▸ WHAT THE EXERCISE ASKS
Once you have checked each line below, report only the number of lines that contain the word "noteq".

Stored data
───
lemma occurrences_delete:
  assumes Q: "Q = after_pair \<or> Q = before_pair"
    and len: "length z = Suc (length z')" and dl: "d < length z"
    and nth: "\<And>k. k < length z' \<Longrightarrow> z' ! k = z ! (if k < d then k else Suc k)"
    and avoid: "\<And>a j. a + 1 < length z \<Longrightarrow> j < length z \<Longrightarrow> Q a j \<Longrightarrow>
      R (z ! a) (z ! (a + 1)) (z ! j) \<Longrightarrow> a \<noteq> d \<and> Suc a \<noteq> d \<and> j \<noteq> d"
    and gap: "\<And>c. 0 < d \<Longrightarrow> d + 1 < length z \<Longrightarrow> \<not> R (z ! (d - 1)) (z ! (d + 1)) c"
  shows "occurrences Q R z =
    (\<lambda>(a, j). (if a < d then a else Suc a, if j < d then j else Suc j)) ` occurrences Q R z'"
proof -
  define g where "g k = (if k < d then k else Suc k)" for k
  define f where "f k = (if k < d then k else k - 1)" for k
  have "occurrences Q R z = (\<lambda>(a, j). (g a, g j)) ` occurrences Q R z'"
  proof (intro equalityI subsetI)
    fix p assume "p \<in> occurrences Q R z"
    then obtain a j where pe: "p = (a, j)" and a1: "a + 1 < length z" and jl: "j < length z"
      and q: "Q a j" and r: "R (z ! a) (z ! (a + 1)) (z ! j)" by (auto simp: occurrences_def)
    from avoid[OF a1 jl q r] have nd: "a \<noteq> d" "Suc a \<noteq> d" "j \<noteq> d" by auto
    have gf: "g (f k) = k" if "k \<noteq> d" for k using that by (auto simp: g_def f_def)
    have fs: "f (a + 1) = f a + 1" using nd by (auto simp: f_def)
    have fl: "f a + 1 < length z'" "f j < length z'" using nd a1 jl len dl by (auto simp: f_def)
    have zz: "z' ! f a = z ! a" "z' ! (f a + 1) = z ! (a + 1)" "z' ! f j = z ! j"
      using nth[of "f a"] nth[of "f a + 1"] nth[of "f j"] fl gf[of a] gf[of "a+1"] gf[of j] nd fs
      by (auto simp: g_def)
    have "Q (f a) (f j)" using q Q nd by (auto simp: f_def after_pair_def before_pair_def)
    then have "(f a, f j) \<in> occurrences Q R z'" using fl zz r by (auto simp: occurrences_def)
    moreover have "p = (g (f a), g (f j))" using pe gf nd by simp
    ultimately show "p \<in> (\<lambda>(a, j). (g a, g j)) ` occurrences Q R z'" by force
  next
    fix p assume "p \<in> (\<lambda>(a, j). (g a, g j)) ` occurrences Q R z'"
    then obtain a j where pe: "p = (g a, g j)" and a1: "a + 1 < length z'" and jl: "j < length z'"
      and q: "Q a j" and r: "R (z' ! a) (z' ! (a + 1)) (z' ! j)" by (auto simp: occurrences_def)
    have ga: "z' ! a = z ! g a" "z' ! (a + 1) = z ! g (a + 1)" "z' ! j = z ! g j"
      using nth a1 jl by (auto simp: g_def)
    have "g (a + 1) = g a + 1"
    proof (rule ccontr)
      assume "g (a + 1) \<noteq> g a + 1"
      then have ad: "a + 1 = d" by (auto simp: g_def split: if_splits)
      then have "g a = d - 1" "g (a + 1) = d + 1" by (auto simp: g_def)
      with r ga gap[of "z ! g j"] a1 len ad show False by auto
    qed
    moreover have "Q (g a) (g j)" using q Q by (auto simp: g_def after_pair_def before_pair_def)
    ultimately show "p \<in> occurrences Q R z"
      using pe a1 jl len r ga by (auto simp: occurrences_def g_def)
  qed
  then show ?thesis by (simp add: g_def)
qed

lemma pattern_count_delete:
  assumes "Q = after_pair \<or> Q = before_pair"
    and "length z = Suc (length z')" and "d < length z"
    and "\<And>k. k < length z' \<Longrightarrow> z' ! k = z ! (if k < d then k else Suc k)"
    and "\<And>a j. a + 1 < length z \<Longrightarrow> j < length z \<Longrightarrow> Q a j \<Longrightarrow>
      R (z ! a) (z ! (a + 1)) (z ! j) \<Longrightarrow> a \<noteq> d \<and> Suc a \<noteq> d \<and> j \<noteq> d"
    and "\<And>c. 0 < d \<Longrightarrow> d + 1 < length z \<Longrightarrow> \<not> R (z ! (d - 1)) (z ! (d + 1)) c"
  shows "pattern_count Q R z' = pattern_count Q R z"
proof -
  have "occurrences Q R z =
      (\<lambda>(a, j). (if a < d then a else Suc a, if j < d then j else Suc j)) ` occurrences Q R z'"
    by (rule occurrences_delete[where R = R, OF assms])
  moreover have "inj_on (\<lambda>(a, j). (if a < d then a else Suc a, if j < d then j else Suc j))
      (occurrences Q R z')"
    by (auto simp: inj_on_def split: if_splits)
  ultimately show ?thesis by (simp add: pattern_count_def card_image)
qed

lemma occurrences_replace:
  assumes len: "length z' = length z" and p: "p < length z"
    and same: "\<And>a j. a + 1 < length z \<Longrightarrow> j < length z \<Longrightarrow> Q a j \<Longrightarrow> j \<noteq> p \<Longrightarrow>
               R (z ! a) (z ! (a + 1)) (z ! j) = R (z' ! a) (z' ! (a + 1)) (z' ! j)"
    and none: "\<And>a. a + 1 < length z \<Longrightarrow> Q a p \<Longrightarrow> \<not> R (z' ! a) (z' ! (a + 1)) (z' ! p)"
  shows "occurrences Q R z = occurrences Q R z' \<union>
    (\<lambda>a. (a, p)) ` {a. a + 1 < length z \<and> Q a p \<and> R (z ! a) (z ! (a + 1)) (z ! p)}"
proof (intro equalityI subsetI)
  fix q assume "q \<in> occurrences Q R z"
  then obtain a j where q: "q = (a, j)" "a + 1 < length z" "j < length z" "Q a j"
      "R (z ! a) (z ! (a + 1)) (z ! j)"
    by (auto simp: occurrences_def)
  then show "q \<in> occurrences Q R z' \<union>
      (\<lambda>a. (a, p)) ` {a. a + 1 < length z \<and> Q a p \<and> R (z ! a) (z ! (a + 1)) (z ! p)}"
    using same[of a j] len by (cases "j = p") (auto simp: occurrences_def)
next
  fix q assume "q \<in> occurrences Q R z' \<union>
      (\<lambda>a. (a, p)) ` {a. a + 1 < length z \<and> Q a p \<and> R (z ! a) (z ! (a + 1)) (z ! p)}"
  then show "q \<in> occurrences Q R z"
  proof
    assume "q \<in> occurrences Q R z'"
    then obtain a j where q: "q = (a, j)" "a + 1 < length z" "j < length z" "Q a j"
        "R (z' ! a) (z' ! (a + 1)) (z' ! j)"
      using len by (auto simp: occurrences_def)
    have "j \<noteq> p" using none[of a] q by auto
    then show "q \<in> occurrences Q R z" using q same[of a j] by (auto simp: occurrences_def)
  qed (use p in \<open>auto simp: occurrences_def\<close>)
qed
───
▸ EXERCISE OUTPUT
7